Written by: Sarah Diaz

If you have ever been curious about the research your professors are doing, you might be interested in UNT Scholarly Works, the University of North Texas institutional repository. 

Institutional repositories are collections of scholarly work from a specific institution, like a college or university. According to Rebecca Marsh (2015), they have been around since the early 2000s and are typically used as “a mechanism for capturing, archiving and managing the collective digital research outputs of the institution” (p. 165). Although they vary greatly from one institution to another, institutional repositories typically collect published work as well as “grey literature,” which includes things like preprints, theses and dissertations, or conference proceedings. Grey literature has not been published, so it has historically been difficult for librarians to provide access (New York Academy of Medicine, n.d.). Institutional repositories help to preserve and share these materials. 

Additionally, institutional repositories are an important part of Open Access. Have you ever experienced the frustration of hitting paywalls and being unable to access the information you need? A benefit of Open Access is that it can help eliminate this problem by making resources available to everyone. One popular way of making information freely available is to publish it in an Open Access journal. However, what about articles published in traditional journals or other types of scholarly work aside from articles?
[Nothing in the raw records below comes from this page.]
lemma A_nonzero: "carrier A \<noteq> {\<zero>\<^bsub>A\<^esub>}"
proof
  assume A0: "carrier A = {\<zero>\<^bsub>A\<^esub>}"
  have "inj_on f (carrier B)"
  proof (rule lhom_inj_onI[OF lmodule_B lmodule_C f])
    fix b assume "b \<in> carrier B" "f b = \<zero>\<^bsub>C\<^esub>"
    then obtain a where "a \<in> carrier A" "b = g a" by (rule kernel_f)
    then show "b = \<zero>\<^bsub>B\<^esub>" using A0 lhom_zero[OF lmodule_A lmodule_B g] by simp
  qed
  then have bij: "bij_betw f (carrier B) (carrier C)" using f_surj unfolding bij_betw_def by blast
  show False
    using no_section[OF lhom_inverse[OF lmodule_B lmodule_C f bij]] f_the_inv_into_f_bij_betw[OF bij]
    by blast
qed

lemma C_nonzero: "carrier C \<noteq> {\<zero>\<^bsub>C\<^esub>}"
proof
  assume "carrier C = {\<zero>\<^bsub>C\<^esub>}"
  moreover have "lhom L C B (\<lambda>c. \<zero>\<^bsub>B\<^esub>)" unfolding lhom_def by simp
  ultimately show False using no_section lhom_zero[OF lmodule_B lmodule_C f] by force
qed

lemma spanned_A: obtains S where "spanned_by L A S (\<lambda>x. x)"
  using fg_lmodule_spanned_by[OF fg_A] by blast

lemma spanned_C: obtains S where "spanned_by L C S (\<lambda>x. x)"
  using fg_lmodule_spanned_by[OF fg_C] by blast

lemma lift_cokernel_endo:
  assumes e: "lhom L C C e"
  obtains p \<phi> where "lhom L B B p" "lhom L A A \<phi>" "\<And>b. b \<in> carrier B \<Longrightarrow> f (p b) = e (f b)"
    "\<And>a. a \<in> carrier A \<Longrightarrow> g (\<phi> a) = p (g a)"
proof -
  obtain p where p: "lhom L B B p" and f_p: "\<And>b. b \<in> carrier B \<Longrightarrow> f (p b) = e (f b)"
    using proj_mod_lift[OF proj_B fg_B fg_C f f_surj lhom_comp[OF f e]] by blast
  have ker: "f (p (g a)) = \<zero>\<^bsub>C\<^esub>" if a: "a \<in> carrier A" for a
    using f_p[OF lhom_closed[OF g a]] lhom_zero[OF lmodule_C lmodule_C e] a by simp
  obtain \<phi> where \<phi>: "lhom L A A \<phi>" and g_\<phi>: "\<And>a. a \<in> carrier A \<Longrightarrow> g (\<phi> a) = p (g a)"
    using short_exact_lift_to_kernel[OF lmodule_A lmodule_B lmodule_A ses lhom_comp[OF g p] ker] by blast
  show thesis by (rule that[OF p \<phi> f_p g_\<phi>])
qed

lemma extend_kernel_endo:
  assumes e: "lhom L A A e"
  obtains p \<psi> where "lhom L B B p" "lhom L C C \<psi>" "\<And>a. a \<in> carrier A \<Longrightarrow> p (g a) = g (e a)"
    "\<And>b. b \<in> carrier B \<Longrightarrow> \<psi> (f b) = f (p b)"
proof -
  obtain p where p: "lhom L B B p" and p_g: "\<And>a. a \<in> carrier A \<Longrightarrow> p (g a) = g (e a)"
    using inj_mod_extend[OF inj_B fg_A fg_B g g_inj lhom_comp[OF e g]] by blast
  have ker: "f (p b) = \<zero>\<^bsub>C\<^esub>" if b: "b \<in> carrier B" "f b = \<zero>\<^bsub>C\<^esub>" for b
  proof -
    obtain a where "a \<in> carrier A" "b = g a" using kernel_f[OF b] .
    then show ?thesis using p_g lhom_closed[OF e] by simp
  qed
  obtain \<psi> where \<psi>: "lhom L C C \<psi>" and \<psi>_f: "\<And>b. b \<in> carrier B \<Longrightarrow> \<psi> (f b) = f (p b)"
    using lhom_factor_through_surj[OF lmodule_B lmodule_C lmodule_C f f_surj lhom_comp[OF p f] ker] by blast
  show thesis by (rule that[OF p \<psi> p_g \<psi>_f])
qed
(* For $n\ge1$, the sum of the semi-perimeters of all members of $I_n$ is $\frac{1}{12}(n^2+15n+8)\,n!$.
   Context: An inversion sequence of length $n$ is a sequence $\rho=\rho_1\cdots\rho_n$ of integers with $1\le \rho_i\le i$ for all $i$; $I_n$ is the set of these. Represent $\rho$ as a bargraph whose $i$-th column has $\rho_i$ unit cells standing on the $x$-axis. The semi-perimeter of $\rho$ is half the perimeter of this bargraph (bottom boundary included), i.e. $n+\rho_1+\sum_{i=1}^{n-1}\max(\rho_{i+1}-\rho_i,0)$. *)

theory Defs
  imports Complex_Main
begin

text \<open>Inversion sequences of length n, represented as lists (0-indexed):
  the entry at position i (0-based) corresponds to rho_(i+1) and must satisfy 1 <= rho_(i+1) <= i+1.\<close>
definition inv_seqs :: "nat \<Rightarrow> nat list set" where
  "inv_seqs n = {rho. length rho = n \<and> (\<forall>i<n. 1 \<le> rho ! i \<and> rho ! i \<le> i + 1)}"

definition semi_perimeter :: "nat list \<Rightarrow> int" where
  "semi_perimeter rho = int (length rho) + int (rho ! 0)
     + (\<Sum>i = 1..length rho - 1. max (int (rho ! i) - int (rho ! (i - 1))) 0)"

end

theory Submission
  imports Defs
begin

text \<open>Every \<open>\<rho> \<in> I\<^sub>n\<^sub>+\<^sub>1\<close> is uniquely \<open>\<sigma> x\<close> with \<open>\<sigma> \<in> I\<^sub>n\<close> and \<open>1 \<le> x \<le> n + 1\<close>, and appending
  \<open>x\<close> adds \<open>1 + max (x - \<sigma>\<^sub>n) 0\<close> to the semi-perimeter. Over \<open>I\<^sub>n\<close> the last entry \<open>\<sigma>\<^sub>n\<close> takes
  each value in \<open>{1..n}\<close> exactly \<open>(n - 1)!\<close> times, and
  \<open>\<Sum>a=1..n. \<Sum>x=1..n+1. max (x - a) 0 = n (n + 1) (n + 2) / 6\<close>. Hence the total
  semi-perimeter \<open>S\<^sub>n\<close> satisfies
  \<open>S\<^sub>n\<^sub>+\<^sub>1 = (n + 1) (S\<^sub>n + n!) + (n - 1)! n (n + 1) (n + 2) / 6\<close>,
  which the closed form solves by induction.\<close>

lemma inv_seqs_Suc:
  "inv_seqs (Suc n) = (\<lambda>(r, x). r @ [x]) ` (inv_seqs n \<times> {1..Suc n})"
proof
  show "inv_seqs (Suc n) \<subseteq> (\<lambda>(r, x). r @ [x]) ` (inv_seqs n \<times> {1..Suc n})"
  proof
    fix rho assume rho: "rho \<in> inv_seqs (Suc n)"
    then have len: "length rho = Suc n" by (simp add: inv_seqs_def)
    then have split: "rho = butlast rho @ [last rho]"
      by (metis append_butlast_last_id list.size(3) nat.distinct(1))
    have last: "last rho = rho ! n"
      using len by (subst last_conv_nth) auto
    have "butlast rho \<in> inv_seqs n"
      using rho len by (auto simp: inv_seqs_def nth_butlast)
    moreover have "last rho \<in> {1..Suc n}"
      using rho last by (simp add: inv_seqs_def)
    ultimately show "rho \<in> (\<lambda>(r, x). r @ [x]) ` (inv_seqs n \<times> {1..Suc n})"
      using split by (auto intro!: image_eqI[where x = "(butlast rho, last rho)"])
  qed
next
  show "(\<lambda>(r, x). r @ [x]) ` (inv_seqs n \<times> {1..Suc n}) \<subseteq> inv_seqs (Suc n)"
    by (auto simp: inv_seqs_def nth_append less_Suc_eq)
qed

lemma sum_inv_seqs_Suc:
  "(\<Sum>rho\<in>inv_seqs (Suc n). f rho) = (\<Sum>r\<in>inv_seqs n. \<Sum>x=1..Suc n. f (r @ [x]))"
proof -
  have "inj_on (\<lambda>(r, x). r @ [x]) (inv_seqs n \<times> {1..Suc n})"
    by (auto simp: inj_on_def)
  then have "(\<Sum>rho\<in>inv_seqs (Suc n). f rho)
      = (\<Sum>(r, x)\<in>inv_seqs n \<times> {1..Suc n}. f (r @ [x]))"
    unfolding inv_seqs_Suc by (simp only: sum.reindex comp_def case_prod_beta')
  also have "\<dots> = (\<Sum>r\<in>inv_seqs n. \<Sum>x=1..Suc n. f (r @ [x]))"
    by (rule sum.cartesian_product[symmetric])
  finally show ?thesis .
qed

lemma inv_seqs_0: "inv_seqs 0 = {[]}"
  by (auto simp: inv_seqs_def)

lemma card_inv_seqs: "card (inv_seqs n) = fact n"
proof (induction n)
  case 0
  then show ?case by (simp add: inv_seqs_0)
next
  case (Suc n)
  have "card (inv_seqs (Suc n)) = (\<Sum>r\<in>inv_seqs n. \<Sum>x=1..Suc n. 1)"
    using sum_inv_seqs_Suc[of "\<lambda>_. 1 :: nat" n] by simp
  also have "\<dots> = fact n * Suc n" using Suc.IH by simp
  finally show ?case by (simp add: algebra_simps)
qed

lemma sum_inv_seqs_last:
  "(\<Sum>r\<in>inv_seqs (Suc m). g (last r)) = fact m * (\<Sum>a=1..Suc m. g a)"
proof -
  have "(\<Sum>r\<in>inv_seqs (Suc m). g (last r)) = (\<Sum>r\<in>inv_seqs m. \<Sum>x=1..Suc m. g x)"
    by (simp add: sum_inv_seqs_Suc)
  then show ?thesis by (simp add: card_inv_seqs)
qed

lemma semi_perimeter_snoc:
  assumes "r \<noteq> []"
  shows "semi_perimeter (r @ [x]) = semi_perimeter r + 1 + int (x - last r)"
proof -
  obtain m where len: "length r = Suc m"
    using assms by (cases r) auto
  have "max (int x - int (last r)) 0 = int (x - last r)" by simp
  moreover have "(\<Sum>i = 1..m. max (int ((r @ [x]) ! i) - int ((r @ [x]) ! (i - 1))) 0)
      = (\<Sum>i = 1..m. max (int (r ! i) - int (r ! (i - 1))) 0)"
    using len by (intro sum.cong) (auto simp: nth_append)
  ultimately show ?thesis
    using assms len by (simp add: semi_perimeter_def nth_append last_conv_nth)
qed

lemma sum_truncated_diff: "2 * (\<Sum>x=1..k. x - a) = (k - a) * (k - a + 1 :: nat)"
proof (induction k)
  case (Suc k)
  then show ?case
    by (cases "a \<le> k") (simp_all add: Suc_diff_le algebra_simps)
qed simp

lemma sum_pronic: "3 * (\<Sum>j=1..n. j * (j + 1)) = n * (n + 1) * (n + 2 :: nat)"
  by (induction n) (simp_all add: algebra_simps)

lemma sum_ascents: "6 * (\<Sum>a=1..n. \<Sum>x=1..Suc n. x - a) = n * (n + 1) * (n + 2 :: nat)"
proof -
  have "2 * (\<Sum>a=1..n. \<Sum>x=1..Suc n. x - a) = (\<Sum>a=1..n. (Suc n - a) * (Suc n - a + 1))"
    unfolding sum_truncated_diff[symmetric] by (rule sum_distrib_left)
  also have "\<dots> = (\<Sum>j=1..n. j * (j + 1))"
    by (subst sum.atLeastAtMost_rev) (intro sum.cong refl, auto)
  finally show ?thesis
    using sum_pronic[of n] by linarith
qed

lemma sum_semi_perimeter_inv_seqs_Suc:
  "(\<Sum>rho\<in>inv_seqs (Suc (Suc m)). semi_perimeter rho)
     = int (m + 2) * ((\<Sum>rho\<in>inv_seqs (Suc m). semi_perimeter rho) + fact (Suc m))
       + fact m * int (\<Sum>a=1..Suc m. \<Sum>x=1..Suc (Suc m). x - a)"
  (is "?S (Suc m) = _")
proof -
  let ?g = "\<lambda>a. \<Sum>x=1..Suc (Suc m). x - a"
  have "?S (Suc m) = (\<Sum>r\<in>inv_seqs (Suc m). \<Sum>x=1..Suc (Suc m). semi_perimeter (r @ [x]))"
    by (rule sum_inv_seqs_Suc)
  also have "\<dots> = (\<Sum>r\<in>inv_seqs (Suc m).
      \<Sum>x=1..Suc (Suc m). semi_perimeter r + 1 + int (x - last r))"
    by (intro sum.cong refl semi_perimeter_snoc) (auto simp: inv_seqs_def)
  also have "\<dots> = (\<Sum>r\<in>inv_seqs (Suc m). int (m + 2) * (semi_perimeter r + 1) + int (?g (last r)))"
    by (simp add: sum.distrib)
  also have "\<dots> = int (m + 2) * (?S m + int (card (inv_seqs (Suc m))))
      + (\<Sum>r\<in>inv_seqs (Suc m). int (?g (last r)))"
    by (simp add: sum.distrib sum_distrib_left algebra_simps)
  also have "(\<Sum>r\<in>inv_seqs (Suc m). int (?g (last r))) = fact m * (\<Sum>a=1..Suc m. int (?g a))"
    by (rule sum_inv_seqs_last)
  finally show ?thesis
    by (simp only: card_inv_seqs of_nat_fact of_nat_sum)
qed

lemma sum_semi_perimeter_inv_seqs:
  "12 * (\<Sum>rho\<in>inv_seqs (Suc m). semi_perimeter rho)
     = (int (Suc m) ^ 2 + 15 * int (Suc m) + 8) * fact (Suc m)"
  (is "12 * ?S m = ?closed m")
proof (induction m)
  case 0
  have "inv_seqs (Suc 0) = {[1]}"
    by (simp add: inv_seqs_Suc inv_seqs_0)
  then show ?case by (simp add: semi_perimeter_def)
next
  case (Suc m)
  define D where "D = (\<Sum>a=1..Suc m. \<Sum>x=1..Suc (Suc m). x - a)"
  have "int (6 * D) = int (Suc m * (Suc m + 1) * (Suc m + 2))"
    unfolding D_def sum_ascents ..
  then have ascents: "6 * int D = (int m + 1) * (int m + 2) * (int m + 3)"
    by (simp only: of_nat_mult of_nat_add of_nat_Suc of_nat_numeral) (simp add: algebra_simps)
  have "12 * ?S (Suc m)
      = (int m + 2) * (12 * ?S m) + 12 * (int m + 2) * fact (Suc m) + 2 * fact m * (6 * int D)"
    unfolding sum_semi_perimeter_inv_seqs_Suc D_def by (simp add: algebra_simps)
  also have "\<dots> = ?closed (Suc m)"
    unfolding Suc.IH ascents by (simp add: algebra_simps power2_eq_square)
  finally show ?case .
qed

theorem corollary2p4:
  fixes n :: nat
  assumes "n \<ge> 1"
  shows "real_of_int (\<Sum>rho\<in>inv_seqs n. semi_perimeter rho)
         = (1 / 12) * (real n ^ 2 + 15 * real n + 8) * real (fact n)"
proof -
  obtain m where n: "n = Suc m"
    using assms by (cases n) auto
  have "real_of_int (12 * (\<Sum>rho\<in>inv_seqs n. semi_perimeter rho))
      = real_of_int ((int n ^ 2 + 15 * int n + 8) * fact n)"
    unfolding n sum_semi_perimeter_inv_seqs ..
  then show ?thesis
    by (simp add: of_int_fact)
qed

end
Another option is to archive the materials in an intuitional repository. 

UNT Scholarly Works is part of our Digital Library. Like most institutional repositories, it archives a variety of both published and unpublished works. It currently includes over 6,000 items such as articles, presentations, data, and even creative work such as art and music (UNT Digital Library, n.d.). To access UNT Scholarly Works, visit https://digital.library.unt.edu/explore/collections/UNTSW/ and use the search bar or the filters to start exploring the collection. 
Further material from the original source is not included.